Figure out the number of lines in the data that hold the string "where". Reply with that figure only.
=-=-=-=-=
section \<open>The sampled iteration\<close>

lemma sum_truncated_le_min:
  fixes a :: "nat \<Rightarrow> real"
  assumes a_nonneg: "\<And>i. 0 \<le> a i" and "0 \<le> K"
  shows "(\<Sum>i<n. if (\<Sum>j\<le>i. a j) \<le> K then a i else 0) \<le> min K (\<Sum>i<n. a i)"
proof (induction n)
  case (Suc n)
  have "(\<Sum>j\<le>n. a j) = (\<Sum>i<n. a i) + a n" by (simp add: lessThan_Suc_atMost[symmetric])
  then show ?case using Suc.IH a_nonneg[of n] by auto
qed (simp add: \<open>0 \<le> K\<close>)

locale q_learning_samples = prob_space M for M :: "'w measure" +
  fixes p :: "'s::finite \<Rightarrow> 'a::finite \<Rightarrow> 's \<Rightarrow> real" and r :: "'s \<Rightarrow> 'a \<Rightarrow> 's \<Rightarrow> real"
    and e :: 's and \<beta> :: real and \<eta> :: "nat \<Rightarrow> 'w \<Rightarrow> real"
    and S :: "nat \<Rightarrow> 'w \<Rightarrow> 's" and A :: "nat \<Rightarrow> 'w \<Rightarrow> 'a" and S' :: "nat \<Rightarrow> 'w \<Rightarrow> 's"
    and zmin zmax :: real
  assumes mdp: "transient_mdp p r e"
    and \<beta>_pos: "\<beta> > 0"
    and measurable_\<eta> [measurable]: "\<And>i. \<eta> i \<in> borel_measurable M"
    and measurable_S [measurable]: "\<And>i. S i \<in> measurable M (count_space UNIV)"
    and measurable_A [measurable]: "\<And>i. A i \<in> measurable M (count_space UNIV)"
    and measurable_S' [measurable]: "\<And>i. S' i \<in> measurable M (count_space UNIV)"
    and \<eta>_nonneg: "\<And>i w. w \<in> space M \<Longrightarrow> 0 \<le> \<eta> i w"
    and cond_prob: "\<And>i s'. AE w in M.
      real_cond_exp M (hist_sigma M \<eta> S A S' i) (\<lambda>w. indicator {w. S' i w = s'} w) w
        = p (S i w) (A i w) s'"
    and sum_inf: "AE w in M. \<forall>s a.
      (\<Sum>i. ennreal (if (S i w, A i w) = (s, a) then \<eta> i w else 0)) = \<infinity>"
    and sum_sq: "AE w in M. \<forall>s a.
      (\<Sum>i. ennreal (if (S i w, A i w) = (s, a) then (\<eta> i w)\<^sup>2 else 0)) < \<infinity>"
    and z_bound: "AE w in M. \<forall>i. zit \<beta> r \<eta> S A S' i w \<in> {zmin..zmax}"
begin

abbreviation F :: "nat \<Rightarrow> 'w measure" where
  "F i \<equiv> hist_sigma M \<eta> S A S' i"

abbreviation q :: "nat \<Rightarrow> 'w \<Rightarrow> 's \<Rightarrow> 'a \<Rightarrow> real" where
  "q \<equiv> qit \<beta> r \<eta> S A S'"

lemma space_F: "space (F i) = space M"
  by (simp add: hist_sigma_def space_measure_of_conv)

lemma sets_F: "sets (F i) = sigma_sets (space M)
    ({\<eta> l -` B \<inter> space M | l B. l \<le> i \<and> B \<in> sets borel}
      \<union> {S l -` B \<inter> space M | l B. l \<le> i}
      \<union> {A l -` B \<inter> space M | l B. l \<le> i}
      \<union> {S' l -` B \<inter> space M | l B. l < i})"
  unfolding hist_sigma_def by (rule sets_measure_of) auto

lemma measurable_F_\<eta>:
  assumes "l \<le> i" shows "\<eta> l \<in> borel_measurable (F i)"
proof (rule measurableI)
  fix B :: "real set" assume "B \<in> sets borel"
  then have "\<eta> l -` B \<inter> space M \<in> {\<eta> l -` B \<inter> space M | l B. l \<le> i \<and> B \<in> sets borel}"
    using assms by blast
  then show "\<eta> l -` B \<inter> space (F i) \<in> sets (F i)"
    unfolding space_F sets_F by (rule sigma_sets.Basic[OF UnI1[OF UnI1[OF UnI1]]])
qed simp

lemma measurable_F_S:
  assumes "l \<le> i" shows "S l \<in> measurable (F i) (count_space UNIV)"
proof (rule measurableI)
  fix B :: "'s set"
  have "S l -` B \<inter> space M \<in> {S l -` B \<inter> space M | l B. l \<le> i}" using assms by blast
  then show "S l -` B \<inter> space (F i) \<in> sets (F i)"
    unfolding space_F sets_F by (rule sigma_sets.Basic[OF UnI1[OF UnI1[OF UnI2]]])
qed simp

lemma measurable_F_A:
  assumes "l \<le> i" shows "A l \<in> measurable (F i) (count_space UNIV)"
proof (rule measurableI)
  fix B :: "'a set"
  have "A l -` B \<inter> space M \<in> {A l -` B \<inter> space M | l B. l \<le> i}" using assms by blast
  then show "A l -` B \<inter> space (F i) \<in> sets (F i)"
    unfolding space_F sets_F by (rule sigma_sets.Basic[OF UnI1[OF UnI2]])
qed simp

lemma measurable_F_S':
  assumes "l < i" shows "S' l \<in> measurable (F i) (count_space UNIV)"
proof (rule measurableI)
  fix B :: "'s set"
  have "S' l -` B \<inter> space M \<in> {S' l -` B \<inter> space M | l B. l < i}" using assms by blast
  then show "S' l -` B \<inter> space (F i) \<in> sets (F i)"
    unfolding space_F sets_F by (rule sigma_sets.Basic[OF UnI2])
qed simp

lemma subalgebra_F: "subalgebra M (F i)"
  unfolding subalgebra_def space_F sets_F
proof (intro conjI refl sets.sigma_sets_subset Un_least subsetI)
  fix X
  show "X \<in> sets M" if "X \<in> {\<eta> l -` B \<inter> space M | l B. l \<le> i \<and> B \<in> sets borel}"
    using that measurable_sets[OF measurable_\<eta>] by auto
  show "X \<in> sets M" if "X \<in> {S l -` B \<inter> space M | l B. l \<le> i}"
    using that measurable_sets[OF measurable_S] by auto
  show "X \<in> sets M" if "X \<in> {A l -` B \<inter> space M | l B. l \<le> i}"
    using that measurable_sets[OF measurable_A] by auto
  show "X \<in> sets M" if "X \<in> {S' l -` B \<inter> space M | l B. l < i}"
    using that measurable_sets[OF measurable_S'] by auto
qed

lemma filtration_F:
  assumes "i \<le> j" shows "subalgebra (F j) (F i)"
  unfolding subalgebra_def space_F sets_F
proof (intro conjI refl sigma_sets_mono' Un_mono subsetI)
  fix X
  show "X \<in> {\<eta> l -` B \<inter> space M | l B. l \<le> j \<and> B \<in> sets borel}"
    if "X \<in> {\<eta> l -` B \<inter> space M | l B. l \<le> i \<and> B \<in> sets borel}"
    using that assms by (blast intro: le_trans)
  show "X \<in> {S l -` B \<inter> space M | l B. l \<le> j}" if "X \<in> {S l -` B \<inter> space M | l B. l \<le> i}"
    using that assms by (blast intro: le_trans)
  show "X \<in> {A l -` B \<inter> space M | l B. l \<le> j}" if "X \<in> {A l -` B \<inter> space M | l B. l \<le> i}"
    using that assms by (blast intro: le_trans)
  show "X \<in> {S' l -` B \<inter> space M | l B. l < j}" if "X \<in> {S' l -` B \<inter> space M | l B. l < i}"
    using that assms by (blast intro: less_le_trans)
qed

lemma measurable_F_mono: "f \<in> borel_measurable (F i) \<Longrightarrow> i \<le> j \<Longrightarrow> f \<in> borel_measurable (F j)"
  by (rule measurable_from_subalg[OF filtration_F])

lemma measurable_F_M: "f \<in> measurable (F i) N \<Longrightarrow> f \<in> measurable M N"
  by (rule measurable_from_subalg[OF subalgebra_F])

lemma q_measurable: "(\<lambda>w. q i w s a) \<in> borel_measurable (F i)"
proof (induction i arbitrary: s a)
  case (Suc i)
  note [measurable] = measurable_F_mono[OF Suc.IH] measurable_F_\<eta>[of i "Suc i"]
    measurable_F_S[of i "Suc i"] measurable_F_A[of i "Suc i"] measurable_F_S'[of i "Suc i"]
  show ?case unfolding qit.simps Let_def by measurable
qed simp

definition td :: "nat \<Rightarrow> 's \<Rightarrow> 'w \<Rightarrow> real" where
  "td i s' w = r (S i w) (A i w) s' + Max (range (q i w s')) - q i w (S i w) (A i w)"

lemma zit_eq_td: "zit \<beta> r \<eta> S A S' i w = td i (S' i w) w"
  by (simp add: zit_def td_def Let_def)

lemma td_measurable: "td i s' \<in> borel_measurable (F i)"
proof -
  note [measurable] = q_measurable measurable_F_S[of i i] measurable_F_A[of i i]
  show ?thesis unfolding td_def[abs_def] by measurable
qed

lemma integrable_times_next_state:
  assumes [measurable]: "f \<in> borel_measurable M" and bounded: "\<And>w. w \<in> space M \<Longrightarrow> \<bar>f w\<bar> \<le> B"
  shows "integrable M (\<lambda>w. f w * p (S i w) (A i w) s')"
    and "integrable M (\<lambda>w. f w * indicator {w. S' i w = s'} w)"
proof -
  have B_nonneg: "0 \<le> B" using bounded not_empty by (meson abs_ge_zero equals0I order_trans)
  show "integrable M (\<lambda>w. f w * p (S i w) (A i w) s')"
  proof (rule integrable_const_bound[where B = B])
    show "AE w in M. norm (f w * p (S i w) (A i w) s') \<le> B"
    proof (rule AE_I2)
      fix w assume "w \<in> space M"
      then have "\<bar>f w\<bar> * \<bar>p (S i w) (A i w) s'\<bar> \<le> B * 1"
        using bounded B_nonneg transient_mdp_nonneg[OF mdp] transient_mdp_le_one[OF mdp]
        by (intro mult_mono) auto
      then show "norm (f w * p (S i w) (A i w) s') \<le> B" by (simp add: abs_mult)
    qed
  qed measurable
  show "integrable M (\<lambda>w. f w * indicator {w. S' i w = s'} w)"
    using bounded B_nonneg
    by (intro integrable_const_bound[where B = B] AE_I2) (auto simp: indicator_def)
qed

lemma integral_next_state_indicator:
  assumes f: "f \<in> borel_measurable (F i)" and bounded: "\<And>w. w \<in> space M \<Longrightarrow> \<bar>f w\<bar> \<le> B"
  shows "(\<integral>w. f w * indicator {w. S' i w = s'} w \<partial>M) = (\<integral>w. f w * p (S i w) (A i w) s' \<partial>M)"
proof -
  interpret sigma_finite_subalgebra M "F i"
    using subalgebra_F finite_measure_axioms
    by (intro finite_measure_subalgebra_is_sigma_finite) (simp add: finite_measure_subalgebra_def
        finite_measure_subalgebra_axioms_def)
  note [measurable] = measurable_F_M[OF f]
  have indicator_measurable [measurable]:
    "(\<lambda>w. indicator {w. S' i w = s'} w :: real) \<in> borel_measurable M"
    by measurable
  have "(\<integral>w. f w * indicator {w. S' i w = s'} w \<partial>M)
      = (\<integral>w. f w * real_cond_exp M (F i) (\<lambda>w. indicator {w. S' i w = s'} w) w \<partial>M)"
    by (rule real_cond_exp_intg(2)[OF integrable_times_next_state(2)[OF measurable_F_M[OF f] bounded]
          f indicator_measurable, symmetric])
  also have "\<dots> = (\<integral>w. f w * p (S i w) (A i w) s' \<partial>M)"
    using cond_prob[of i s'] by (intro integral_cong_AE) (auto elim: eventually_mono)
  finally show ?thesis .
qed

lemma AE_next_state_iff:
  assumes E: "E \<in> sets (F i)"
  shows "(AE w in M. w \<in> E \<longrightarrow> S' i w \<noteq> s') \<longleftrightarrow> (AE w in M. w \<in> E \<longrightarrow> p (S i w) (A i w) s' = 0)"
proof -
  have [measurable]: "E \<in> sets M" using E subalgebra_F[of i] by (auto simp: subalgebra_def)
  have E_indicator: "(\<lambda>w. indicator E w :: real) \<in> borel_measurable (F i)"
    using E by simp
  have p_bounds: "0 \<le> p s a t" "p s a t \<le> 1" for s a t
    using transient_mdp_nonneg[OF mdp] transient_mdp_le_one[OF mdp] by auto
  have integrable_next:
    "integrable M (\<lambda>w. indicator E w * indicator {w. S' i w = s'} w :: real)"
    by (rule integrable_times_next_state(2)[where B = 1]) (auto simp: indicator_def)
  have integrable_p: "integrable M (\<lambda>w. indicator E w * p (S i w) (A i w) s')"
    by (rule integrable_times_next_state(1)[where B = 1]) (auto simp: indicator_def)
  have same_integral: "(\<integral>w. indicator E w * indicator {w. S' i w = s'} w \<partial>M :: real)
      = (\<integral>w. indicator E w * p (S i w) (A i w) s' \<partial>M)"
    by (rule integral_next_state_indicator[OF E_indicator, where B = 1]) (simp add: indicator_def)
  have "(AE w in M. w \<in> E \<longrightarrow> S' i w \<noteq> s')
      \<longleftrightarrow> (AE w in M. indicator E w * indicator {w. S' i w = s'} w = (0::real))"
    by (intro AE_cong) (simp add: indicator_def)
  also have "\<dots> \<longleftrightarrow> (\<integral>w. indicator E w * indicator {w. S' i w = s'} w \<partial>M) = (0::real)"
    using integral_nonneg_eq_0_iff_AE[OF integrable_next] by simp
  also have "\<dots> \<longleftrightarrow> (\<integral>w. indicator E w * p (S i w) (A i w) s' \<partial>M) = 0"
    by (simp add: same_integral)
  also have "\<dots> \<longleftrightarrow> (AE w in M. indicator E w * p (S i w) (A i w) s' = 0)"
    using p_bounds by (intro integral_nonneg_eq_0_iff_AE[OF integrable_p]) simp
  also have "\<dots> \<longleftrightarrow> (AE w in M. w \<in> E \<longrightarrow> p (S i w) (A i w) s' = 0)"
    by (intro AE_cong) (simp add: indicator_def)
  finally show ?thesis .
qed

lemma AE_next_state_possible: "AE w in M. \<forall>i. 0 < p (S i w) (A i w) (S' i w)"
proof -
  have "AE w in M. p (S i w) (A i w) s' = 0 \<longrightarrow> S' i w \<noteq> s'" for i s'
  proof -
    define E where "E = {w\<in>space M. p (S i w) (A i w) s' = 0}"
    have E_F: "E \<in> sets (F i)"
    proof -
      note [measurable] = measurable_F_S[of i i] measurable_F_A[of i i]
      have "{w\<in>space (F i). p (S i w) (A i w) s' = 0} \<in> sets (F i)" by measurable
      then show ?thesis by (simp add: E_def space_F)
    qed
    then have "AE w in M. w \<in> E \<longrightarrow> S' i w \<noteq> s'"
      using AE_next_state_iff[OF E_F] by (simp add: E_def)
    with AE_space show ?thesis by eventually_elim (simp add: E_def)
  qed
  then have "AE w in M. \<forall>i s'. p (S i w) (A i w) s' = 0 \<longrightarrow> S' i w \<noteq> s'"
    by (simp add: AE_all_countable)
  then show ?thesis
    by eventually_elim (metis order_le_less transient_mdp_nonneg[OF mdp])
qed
=-=-=-=-=
» **SOLUTION FOR THIS PROBLEM**:
9